In contrast, the South Pole’s summer season population is 200, dropping to about 50 in the winter. McMurdo’s winter population is 150.

"At McMurdo there’s volcanology, sea ice physics, dynamics, marine biology with seals, penguins, sea slugs, there are people who dive, and do all kinds of crazy stuff," she said. "You’ve got people collecting meteorites, you’ve got people doing atmosphere research, and I’m sure a lot of things I’m forgetting. So there is a lot going on at McMurdo," she said. "At the South Pole, it is a little bit more limited. They are doing deep space research mostly with microwave telescopes and not optical telescopes, but looking for faint heat signatures."

Fenstermacher explained that she worked as a lab supervisor while at McMurdo, working with scientists in that environment.

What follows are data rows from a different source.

(* Suppose the pair $\{E,F\}$, $E,F:\mathcal I\to\mathbb R^{m\times m}$ sufficiently smooth, is equivalent to a pair in standard canonical form $\left\{\begin{bmatrix}I_d&0\\0&N\end{bmatrix},\begin{bmatrix}\Omega&0\\0&I_a\end{bmatrix}\right\}$ with $a=m-d$, $\Omega:\mathcal I\to\mathbb R^{d\times d}$ and $N:\mathcal I\to\mathbb R^{a\times a}$ pointwise strictly upper triangular (rank of $N$ not necessarily constant). Then (1) $\operatorname{rank}\mathcal E_{[k]}(t)=\operatorname{rank}\mathcal D_{[k]}(t)=km+d$ for all $t\in\mathcal I$ and all $k\ge a-1$; (2) $\dim(\ker E(t)\cap S_{[k]}(t))=0$ for all $t\in\mathcal I$ and all $k\ge a$.
   Context: Two pairs are equivalent if $\tilde E=LEK$, $\tilde F=LFK+LEK'$ for pointwise nonsingular sufficiently smooth $L,K$. Derivative arrays: $\mathcal E_{[k]}$ is the $(k+1)m\times(k+1)m$ block lower triangular matrix function with $(i,j)$ block ($0\le j\le i\le k$) $\binom{i}{j}E^{(i-j)}+\binom{i}{j+1}F^{(i-j-1)}$ (the $F$-term absent for $j=i$), zero for $j>i$; $\mathcal F_{[k]}=[F;F';\dots;F^{(k)}]$; $\mathcal D_{[0]}=E$, $\mathcal D_{[k]}=\begin{bmatrix}E&0\\\mathcal F_{[k-1]}&\mathcal E_{[k-1]}\end{bmatrix}$ for $k\ge1$; $S_{[k]}(t)=\{z:\mathcal F_{[k]}(t)z\in\operatorname{im}\mathcal E_{[k]}(t)\}$. *)

theory Defs
  imports "HOL-Analysis.Analysis" "Jordan_Normal_Form.DL_Rank" "Jordan_Normal_Form.Matrix_Kernel"
begin

definition mderiv :: "nat \<Rightarrow> (real \<Rightarrow> real mat) \<Rightarrow> real \<Rightarrow> real mat" where
  "mderiv k A t = mat (dim_row (A t)) (dim_col (A t)) (\<lambda>(i,j). (deriv ^^ k) (\<lambda>s. A s $$ (i,j)) t)"

(* A : I -> R^{r x c}, with all entries infinitely differentiable on I ("sufficiently smooth") *)
definition smooth_mat_on :: "real set \<Rightarrow> nat \<Rightarrow> nat \<Rightarrow> (real \<Rightarrow> real mat) \<Rightarrow> bool" where
  "smooth_mat_on I r c A \<longleftrightarrow> (\<forall>t\<in>I. A t \<in> carrier_mat r c) \<and>
     (\<forall>i<r. \<forall>j<c. \<forall>k. \<forall>t\<in>I. ((deriv ^^ k) (\<lambda>s. A s $$ (i,j))) differentiable (at t))"

definition equiv_pair :: "real set \<Rightarrow> nat \<Rightarrow> (real \<Rightarrow> real mat) \<Rightarrow> (real \<Rightarrow> real mat)
     \<Rightarrow> (real \<Rightarrow> real mat) \<Rightarrow> (real \<Rightarrow> real mat) \<Rightarrow> bool" where
  "equiv_pair I m E F E' F' \<longleftrightarrow> (\<exists>L K. smooth_mat_on I m m L \<and> smooth_mat_on I m m K \<and>
     (\<forall>t\<in>I. det (L t) \<noteq> 0 \<and> det (K t) \<noteq> 0 \<and>
        E' t = L t * E t * K t \<and>
        F' t = L t * F t * K t + L t * E t * mderiv 1 K t))"

definition strictly_upper_triangular :: "nat \<Rightarrow> real mat \<Rightarrow> bool" where
  "strictly_upper_triangular n A \<longleftrightarrow> (\<forall>i<n. \<forall>j<n. j \<le> i \<longrightarrow> A $$ (i,j) = 0)"

definition calE :: "nat \<Rightarrow> (real \<Rightarrow> real mat) \<Rightarrow> (real \<Rightarrow> real mat) \<Rightarrow> nat \<Rightarrow> real \<Rightarrow> real mat" where
  "calE m E F k t = mat ((k+1)*m) ((k+1)*m) (\<lambda>(p,q).
     (let i = p div m; j = q div m; r = p mod m; c = q mod m in
      if j \<le> i then
        of_nat (i choose j) * (mderiv (i-j) E t $$ (r,c))
        + (if j < i then of_nat (i choose (j+1)) * (mderiv (i-j-1) F t $$ (r,c)) else 0)
      else 0))"

definition calF :: "nat \<Rightarrow> (real \<Rightarrow> real mat) \<Rightarrow> nat \<Rightarrow> real \<Rightarrow> real mat" where
  "calF m F k t = mat ((k+1)*m) m (\<lambda>(p,c). mderiv (p div m) F t $$ (p mod m, c))"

She also held an administrative position, helping with work order management for the vehicle maintenance shop, which she explained was unrelated to her education field. Fenstermacher switched to the South Pole during her first season and worked as the greenhouse technician, which will be her job upon returning.

"This was for the summer at South Pole, and then last winter I spent as the Waste Specialist Manager," she said. "It’s a glorified word for Recycling Technician Trash Girl."

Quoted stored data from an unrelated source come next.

(* Let $n\ge2$. Then $\Gamma^k=\Gamma^{n-k}$ for all $k=1,\dots,n-1$.
   Context: Let $\mathrm{C}$ be either the real Clifford algebra $C\ell_{p,q}$ with $p+q=n$, or the complex Clifford algebra $C\ell(\mathbb{C}^n)$. It has identity $e$ and generators $e_1,\dots,e_n$ satisfying $e_ae_b+e_be_a=2\eta_{ab}e$. In the real case $\eta=\mathrm{diag}(1,\dots,1,-1,\dots,-1)$ with $p$ entries $+1$ and $q$ entries $-1$. In the complex case $\eta=I_n$. $\mathrm{C}^k$ is the grade-$k$ subspace, spanned by the products $e_{a_1}\cdots e_{a_k}$ with $a_1<\dots<a_k$. $\mathrm{C}^\times$ is the group of invertible elements. $\Gamma^k=\{T\in\mathrm{C}^\times: T\,\mathrm{C}^k\,T^{-1}\subseteq\mathrm{C}^k\}$. *)

theory Defs
  imports Complex_Main
begin

text \<open>Concrete model of the Clifford algebra on generators e_0,...,e_(n-1) with
  e_a e_b + e_b e_a = 2 eta(a,b) e, eta diagonal with entries eta a.
  An element is a coefficient function on basis blades e_A, A a subset of {0..<n}
  (e_A = product of e_a for a in A in increasing order; e_{} = e).\<close>

definition cl_carrier :: "nat \<Rightarrow> (nat set \<Rightarrow> 'a::field) set" where
  "cl_carrier n = {x. \<forall>A. \<not> A \<subseteq> {..<n} \<longrightarrow> x A = 0}"

text \<open>e_A e_B = (-1)^{#(a,b) in A x B with b<a} (prod_{i in A cap B} eta i) e_{A symdiff B}\<close>
definition blade_sign :: "(nat \<Rightarrow> 'a::field) \<Rightarrow> nat set \<Rightarrow> nat set \<Rightarrow> 'a" where
  "blade_sign eta A B =
     (-1) ^ card {(a, b). a \<in> A \<and> b \<in> B \<and> b < a} * (\<Prod>i\<in>A \<inter> B. eta i)"

definition cl_mult :: "nat \<Rightarrow> (nat \<Rightarrow> 'a::field) \<Rightarrow> (nat set \<Rightarrow> 'a) \<Rightarrow> (nat set \<Rightarrow> 'a) \<Rightarrow> (nat set \<Rightarrow> 'a)" where
  "cl_mult n eta x y = (\<lambda>C. if C \<subseteq> {..<n} then
      (\<Sum>A\<in>Pow {..<n}. \<Sum>B\<in>Pow {..<n}.
         if (A - B) \<union> (B - A) = C then x A * y B * blade_sign eta A B else 0)
     else 0)"

definition cl_one :: "nat set \<Rightarrow> 'a::field" where
  "cl_one = (\<lambda>A. if A = {} then 1 else 0)"

definition cl_grade :: "nat \<Rightarrow> nat \<Rightarrow> (nat set \<Rightarrow> 'a::field) set" where
  "cl_grade n k = {x \<in> cl_carrier n. \<forall>A. card A \<noteq> k \<longrightarrow> x A = 0}"

definition cl_Gamma :: "nat \<Rightarrow> (nat \<Rightarrow> 'a::field) \<Rightarrow> nat \<Rightarrow> (nat set \<Rightarrow> 'a) set" where
  "cl_Gamma n eta k = {T \<in> cl_carrier n. \<exists>S \<in> cl_carrier n.
      cl_mult n eta T S = cl_one \<and> cl_mult n eta S T = cl_one \<and>
      (\<forall>X \<in> cl_grade n k. cl_mult n eta (cl_mult n eta T X) S \<in> cl_grade n k)}"

definition eta_real :: "nat \<Rightarrow> nat \<Rightarrow> real" where
  "eta_real p i = (if i < p then 1 else -1)"

definition eta_complex :: "nat \<Rightarrow> complex" where
  "eta_complex i = 1"

end

theory Submission
  imports Defs
begin

text \<open>Right multiplication by the pseudoscalar I = e_0 \<cdots> e_(n-1) maps C^k onto C^(n-k), and
  I X = \<sigma> X I for X in C^k, where \<sigma> = (-1)^(k(n-1)). For T in \<Gamma>^k with 0 < k < n, the element
  Y = T\<inverse> I T satisfies the same relation Y X = \<sigma> X Y on C^k. Testing it against two grade-k
  blades that differ in a single index shows that only the components of Y along e and I can be
  nonzero; since Y^2 = I^2 is a nonzero scalar and T Y T\<inverse> = I, in fact Y = b I with b \<noteq> 0.
  Hence T I T\<inverse> is a multiple of I, so T (W I) T\<inverse> = (T W T\<inverse>) (T I T\<inverse>) lies in C^(n-k)
  for every W in C^k, i.e. \<Gamma>^k \<subseteq> \<Gamma>^(n-k); exchanging k and n - k gives equality.\<close>

lemma sym_diff_eq_iff: "sym_diff A B = C \<longleftrightarrow> B = sym_diff A C"
  by blast

lemma sym_diff_cancel_left [simp]: "sym_diff A (sym_diff A C) = C"
  by blast

lemma blade_sign_empty_left [simp]: "blade_sign eta {} B = 1"
  by (simp add: blade_sign_def)

lemma blade_sign_empty_right [simp]: "blade_sign eta A {} = 1"
  by (simp add: blade_sign_def)

lemma blade_sign_nonzero:
  fixes eta :: "nat \<Rightarrow> 'a::field"
  assumes "\<And>i. eta i \<noteq> 0"
  shows "blade_sign eta A B \<noteq> 0"
  using assms by (cases "finite (A \<inter> B)") (simp_all add: blade_sign_def)

lemma blade_sign_as_prod:
  fixes eta :: "nat \<Rightarrow> 'a::field"
  assumes "finite U" "A \<subseteq> U" "B \<subseteq> U"
  shows "blade_sign eta A B =
    (\<Prod>p\<in>U \<times> U. if fst p \<in> A \<and> snd p \<in> B \<and> snd p < fst p then -1 else 1) *
    (\<Prod>i\<in>U. if i \<in> A \<and> i \<in> B then eta i else 1)"
proof -
  have "{(a, b). a \<in> A \<and> b \<in> B \<and> b < a} = (U \<times> U) \<inter> {p. fst p \<in> A \<and> snd p \<in> B \<and> snd p < fst p}"
    "A \<inter> B = U \<inter> {i. i \<in> A \<and> i \<in> B}"
    using assms by auto
  then show ?thesis
    using assms by (simp add: blade_sign_def prod.If_cases)
qed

On this trip to Antarctica, Fenstermacher will be working in a greenhouse area, growing vegetation and collecting information.

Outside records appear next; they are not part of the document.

(* Let $a<b$, $c<d$ and $C\in\mathbb{R}\setminus\{0\}$. Let $(p_n)_{n\ge0}$, $(q_n)_{n\ge0}$ be real sequences with $p_0=q_0$ such that $\sigma(s)=\sum_{n\ge0}p_n(s-a)^n$ and $\tau(t)=\sum_{n\ge0}q_n(t-c)^n$ converge uniformly on $[a,b]$ and $[c,d]$ respectively. Let $k$ be the solution of the Goursat problem $\partial^2k/\partial s\partial t=Ck$ on $[a,b]\times[c,d]$ with $k(s,c)=\sigma(s)$, $k(a,t)=\tau(t)$. Then for all $(s,t)\in[a,b]\times[c,d]$, $$k(s,t)=\sum_{n=1}^\infty\sum_{m=0}^\infty p_n\frac{[C(t-c)]^m(s-a)^{n+m}}{m!}\frac{n!}{(n+m)!}+\sum_{n=0}^\infty\sum_{m=0}^\infty q_n\frac{[C(s-a)]^m(t-c)^{n+m}}{m!}\frac{n!}{(n+m)!},$$ or equivalently $$k(s,t)=\sum_{n=0}^\infty\sum_{m=0}^\infty p_n\frac{[C(t-c)]^m(s-a)^{n+m}}{m!}\frac{n!}{(n+m)!}+\sum_{n=1}^\infty\sum_{m=0}^\infty q_n\frac{[C(s-a)]^m(t-c)^{n+m}}{m!}\frac{n!}{(n+m)!}.$$
   Context: The solution of the Goursat problem is the continuous function $k$ on $[a,b]\times[c,d]$ with $k(s,t)=\sigma(s)+\tau(t)-\sigma(a)+C\int_a^s\int_c^t k(r,w)\,dw\,dr$ (equivalently, the classical solution given by the Riemann-function representation with the zero-order modified Bessel function $I_0$). *)

theory Defs
  imports "HOL-Analysis.Analysis"
begin

definition goursat_solution ::
  "real \<Rightarrow> real \<Rightarrow> real \<Rightarrow> real \<Rightarrow> real \<Rightarrow> (real \<Rightarrow> real) \<Rightarrow> (real \<Rightarrow> real)
    \<Rightarrow> (real \<Rightarrow> real \<Rightarrow> real) \<Rightarrow> bool" where
  "goursat_solution a b c d C \<sigma> \<tau> k \<longleftrightarrow>
     continuous_on ({a..b} \<times> {c..d}) (\<lambda>(s, t). k s t) \<and>
     (\<forall>s\<in>{a..b}. \<forall>t\<in>{c..d}.
        k s t = \<sigma> s + \<tau> t - \<sigma> a
                + C * integral {a..s} (\<lambda>r. integral {c..t} (\<lambda>w. k r w)))"

end

theory Submission
  imports Defs
begin

(* With the iterated integral J f (s, t) = int_a^s int_c^t f, the Goursat problem is the Volterra
  equation k - C J k = sigma(s) + tau(t) - sigma(a). This equation is stable: a continuous w with
  |w - C J w| <= eps on the rectangle satisfies |w| <= eps exp (|C| (b - a) (d - c)), as one sees by
  iterating J on the majorants (|C| (s - a) (t - c))^j / (j!)^2. Since C J maps the m-th term of the
  series in the theorem to the (m+1)-st, truncating the data after N terms and the series after M
  terms gives approximate solutions whose defect is at most the error of the data plus a term
  D^M / M!. Stability transfers this to k, and letting M and then N grow gives the expansion. *)

definition iterated_integral ::
  "real \<Rightarrow> real \<Rightarrow> (real \<Rightarrow> real \<Rightarrow> real) \<Rightarrow> real \<Rightarrow> real \<Rightarrow> real" where
  "iterated_integral a c f s t = integral {a..s} (\<lambda>r. integral {c..t} (\<lambda>w. f r w))"

lemma goursat_solutionD:
  assumes "goursat_solution a b c d C \<sigma> \<tau> k"
  shows "continuous_on ({a..b} \<times> {c..d}) (\<lambda>(s, t). k s t)"
    and "\<And>s t. s \<in> {a..b} \<Longrightarrow> t \<in> {c..d} \<Longrightarrow>
           k s t - C * iterated_integral a c k s t = \<sigma> s + \<tau> t - \<sigma> a"
  using assms unfolding goursat_solution_def iterated_integral_def by auto

lemma iterated_integral_integrable:
  fixes f :: "real \<Rightarrow> real \<Rightarrow> real"
  assumes "continuous_on ({a..s} \<times> {c..t}) (\<lambda>(r, w). f r w)"
  shows iterated_integral_integrable_inner: "r \<in> {a..s} \<Longrightarrow> f r integrable_on {c..t}"
    and iterated_integral_integrable_outer: "(\<lambda>r. integral {c..t} (f r)) integrable_on {a..s}"
proof -
  assume "r \<in> {a..s}"
  then have "continuous_on {c..t} ((\<lambda>(r, w). f r w) \<circ> Pair r)"
    using assms by (intro continuous_on_compose continuous_intros) (auto elim: continuous_on_subset)
  then show "f r integrable_on {c..t}"
    by (intro integrable_continuous_interval) (simp add: o_def)
next
  show "(\<lambda>r. integral {c..t} (f r)) integrable_on {a..s}"
    using integral_continuous_on_param[of "{a..s}" c t f] assms
    by (intro integrable_continuous_interval) (simp add: cbox_interval)
qed

lemma iterated_integral_add:
  fixes f g :: "real \<Rightarrow> real \<Rightarrow> real"
  assumes "continuous_on ({a..s} \<times> {c..t}) (\<lambda>(r, w). f r w)"
    and "continuous_on ({a..s} \<times> {c..t}) (\<lambda>(r, w). g r w)"
  shows "iterated_integral a c (\<lambda>r w. f r w + g r w) s t
           = iterated_integral a c f s t + iterated_integral a c g s t"
proof -
  note integrable = iterated_integral_integrable[OF assms(1)] iterated_integral_integrable[OF assms(2)]
  have "iterated_integral a c (\<lambda>r w. f r w + g r w) s t
      = integral {a..s} (\<lambda>r. integral {c..t} (f r) + integral {c..t} (g r))"
    unfolding iterated_integral_def using integrable by (intro integral_cong integral_add) auto
  also have "\<dots> = iterated_integral a c f s t + iterated_integral a c g s t"
    unfolding iterated_integral_def using integrable by (intro integral_add)
  finally show ?thesis .
qed

lemma iterated_integral_diff:
  fixes f g :: "real \<Rightarrow> real \<Rightarrow> real"
  assumes "continuous_on ({a..s} \<times> {c..t}) (\<lambda>(r, w). f r w)"
    and "continuous_on ({a..s} \<times> {c..t}) (\<lambda>(r, w). g r w)"
  shows "iterated_integral a c (\<lambda>r w. f r w - g r w) s t
           = iterated_integral a c f s t - iterated_integral a c g s t"
proof -
  note integrable = iterated_integral_integrable[OF assms(1)] iterated_integral_integrable[OF assms(2)]
  have "iterated_integral a c (\<lambda>r w. f r w - g r w) s t
      = integral {a..s} (\<lambda>r. integral {c..t} (f r) - integral {c..t} (g r))"
    unfolding iterated_integral_def using integrable by (intro integral_cong integral_diff) auto
  also have "\<dots> = iterated_integral a c f s t - iterated_integral a c g s t"
    unfolding iterated_integral_def using integrable by (intro integral_diff)
  finally show ?thesis .
qed

lemma iterated_integral_sum:
  fixes f :: "'i \<Rightarrow> real \<Rightarrow> real \<Rightarrow> real"
  assumes "finite S" and "\<And>i. i \<in> S \<Longrightarrow> continuous_on ({a..s} \<times> {c..t}) (\<lambda>(r, w). f i r w)"
  shows "iterated_integral a c (\<lambda>r w. \<Sum>i\<in>S. f i r w) s t = (\<Sum>i\<in>S. iterated_integral a c (f i) s t)"
proof -
  note integrable = iterated_integral_integrable[OF assms(2)]
  have "iterated_integral a c (\<lambda>r w. \<Sum>i\<in>S. f i r w) s t
      = integral {a..s} (\<lambda>r. \<Sum>i\<in>S. integral {c..t} (f i r))"
    unfolding iterated_integral_def using assms(1) integrable by (intro integral_cong integral_sum) auto
  also have "\<dots> = (\<Sum>i\<in>S. iterated_integral a c (f i) s t)"
    unfolding iterated_integral_def using assms(1) integrable by (intro integral_sum)
  finally show ?thesis .
qed

lemma iterated_integral_cmult:
  "iterated_integral a c (\<lambda>r w. K * f r w) s t = K * iterated_integral a c f s t"
  unfolding iterated_integral_def by simp

lemma iterated_integral_abs_le:
  fixes f g :: "real \<Rightarrow> real \<Rightarrow> real"
  assumes "continuous_on ({a..s} \<times> {c..t}) (\<lambda>(r, w). f r w)"
    and "continuous_on ({a..s} \<times> {c..t}) (\<lambda>(r, w). g r w)"
    and "\<And>r w. r \<in> {a..s} \<Longrightarrow> w \<in> {c..t} \<Longrightarrow> \<bar>f r w\<bar> \<le> g r w"
  shows "\<bar>iterated_integral a c f s t\<bar> \<le> iterated_integral a c g s t"
  unfolding iterated_integral_def real_norm_def [symmetric]
  using iterated_integral_integrable[OF assms(1)] iterated_integral_integrable[OF assms(2)] assms(3)
  by (intro integral_norm_bound_integral) auto

lemma iterated_integral_swap:
  fixes f :: "real \<Rightarrow> real \<Rightarrow> real"
  assumes "continuous_on ({a..s} \<times> {c..t}) (\<lambda>(r, w). f r w)"
  shows "iterated_integral a c f s t = iterated_integral c a (\<lambda>w r. f r w) t s"
proof -
  have "continuous_on (cbox (a, c) (s, t)) (\<lambda>(r, w). f r w)"
    unfolding cbox_Pair_eq unfolding cbox_interval by (rule assms)
  from integral_swap_continuous[OF this] show ?thesis
    unfolding iterated_integral_def cbox_interval .
qed

lemma integral_power_shifted:
  fixes c t :: real
  assumes "c \<le> t"
  shows "integral {c..t} (\<lambda>w. (w - c) ^ j) = (t - c) ^ Suc j / Suc j"
proof -
  have "((\<lambda>w. (w - c) ^ Suc j / Suc j) has_real_derivative (w - c) ^ j) (at w within {c..t})" for w
    by (intro derivative_eq_intros) auto
  then have "((\<lambda>w. (w - c) ^ j) has_integral (t - c) ^ Suc j / Suc j - (c - c) ^ Suc j / Suc j) {c..t}"
    by (intro fundamental_theorem_of_calculus assms)
      (simp flip: has_real_derivative_iff_has_vector_derivative)
  then show ?thesis by (simp add: integral_unique)
qed

lemma iterated_integral_monomial:
  assumes "a \<le> s" and "c \<le> t"
  shows "iterated_integral a c (\<lambda>r w. K * (r - a) ^ i * (w - c) ^ j) s t
           = K * (s - a) ^ Suc i * (t - c) ^ Suc j / (Suc i * Suc j)"
proof -
  have "integral {c..t} (\<lambda>w. K * (r - a) ^ i * (w - c) ^ j) = (K * (t - c) ^ Suc j / Suc j) * (r - a) ^ i" for r
    using assms by (simp add: integral_power_shifted)
  then show ?thesis
    unfolding iterated_integral_def using assms by (simp add: integral_power_shifted) (simp add: algebra_simps)
qed

(* The Taylor terms of I_0(2 sqrt x) at x = |C| (r - a) (w - c); they majorise the Picard iterates. *)
definition bessel_term :: "real \<Rightarrow> real \<Rightarrow> real \<Rightarrow> nat \<Rightarrow> real \<Rightarrow> real \<Rightarrow> real" where
  "bessel_term C a c j r w = (\<bar>C\<bar> * (r - a) * (w - c)) ^ j / (fact j)\<^sup>2"

lemma continuous_on_bessel_term: "continuous_on X (\<lambda>(r, w). bessel_term C a c j r w)"
  unfolding bessel_term_def case_prod_beta by (intro continuous_intros) simp

lemma bessel_term_integral:
  assumes "a \<le> s" and "c \<le> t"
  shows "\<bar>C\<bar> * iterated_integral a c (bessel_term C a c j) s t = bessel_term C a c (Suc j) s t"
proof -
  define K where "K = \<bar>C\<bar> ^ j / (fact j)\<^sup>2"
  have "bessel_term C a c j = (\<lambda>r w. K * (r - a) ^ j * (w - c) ^ j)"
    by (simp add: K_def bessel_term_def fun_eq_iff power_mult_distrib)
  then have "\<bar>C\<bar> * iterated_integral a c (bessel_term C a c j) s t
      = \<bar>C\<bar> * (K * (s - a) ^ Suc j * (t - c) ^ Suc j / (Suc j * Suc j))"
    by (simp only: iterated_integral_monomial[OF assms])
  also have "\<dots> = bessel_term C a c (Suc j) s t"
    unfolding K_def bessel_term_def fact_Suc power_mult_distrib power2_eq_square
      power_Suc[of "\<bar>C\<bar>"] of_nat_mult
    by (simp add: mult_ac)
  finally show ?thesis .
qed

"There are not any specific science projects happening in there where we are taking specific data. We do report back, but there is no specific research," she said.

She said that a NASA researcher was working in the summer on growing food in extreme environments. Plants gyrate as they grow, and some thought it was due to the rotation of the earth. The researcher established the study at the South Pole, where there is no gyration, and his preliminary results revealed the plants still moved.

"I haven’t followed through on that, so I’m really curious to see what came of it," she said. "Hopefully with that and seeing that you can do some science there, and progress into that, because that would be really neat to value at a green house not just producing fresh food."

After a short description of the land in Antarctica, Fenstermacher noted that different clothing can be worn due to the varying weather conditions.

"It’s fun because once you get organized you know what you need and pack it in your bag, and you get the new people who are just wandering in circles confused, so you try to help those folks out, because I got a lot of help when I started as well," she said.

The flight to Antarctica is organized by the New York Air Guard and an orientation video is given before boarding the plane. She explained that both passengers and cargo are aboard the plane, and how the seats are arranged to store the cargo.

Fenstermacher said her presentation was self serving because she was able to see all of her friends at one time before leaving. But she also wanted to share her experience with others who were interested.

"I wanted to share what I’ve been up to because a lot of people are interested, and I’m happy to talk about it because it is a neat place and it is easy to start to take it for granted," she said. "Just like maybe some of us can take this place for granted if we’re here long enough, but it’s still amazing and people wish they could live out here. It’s kind of the same thing for down there."

She added that it is special when she gets to share it with people because it becomes more exciting for her as well.

"It’s not a hardship but not as adventurous or as exciting because I’ve done it before," she said. "It’s kind of a long trip to finally having to get there, and then I can relax instead of wondering what’s going to come next. When I share it with people that is when it gets more exciting because I’m reminded of how amazing and special it is."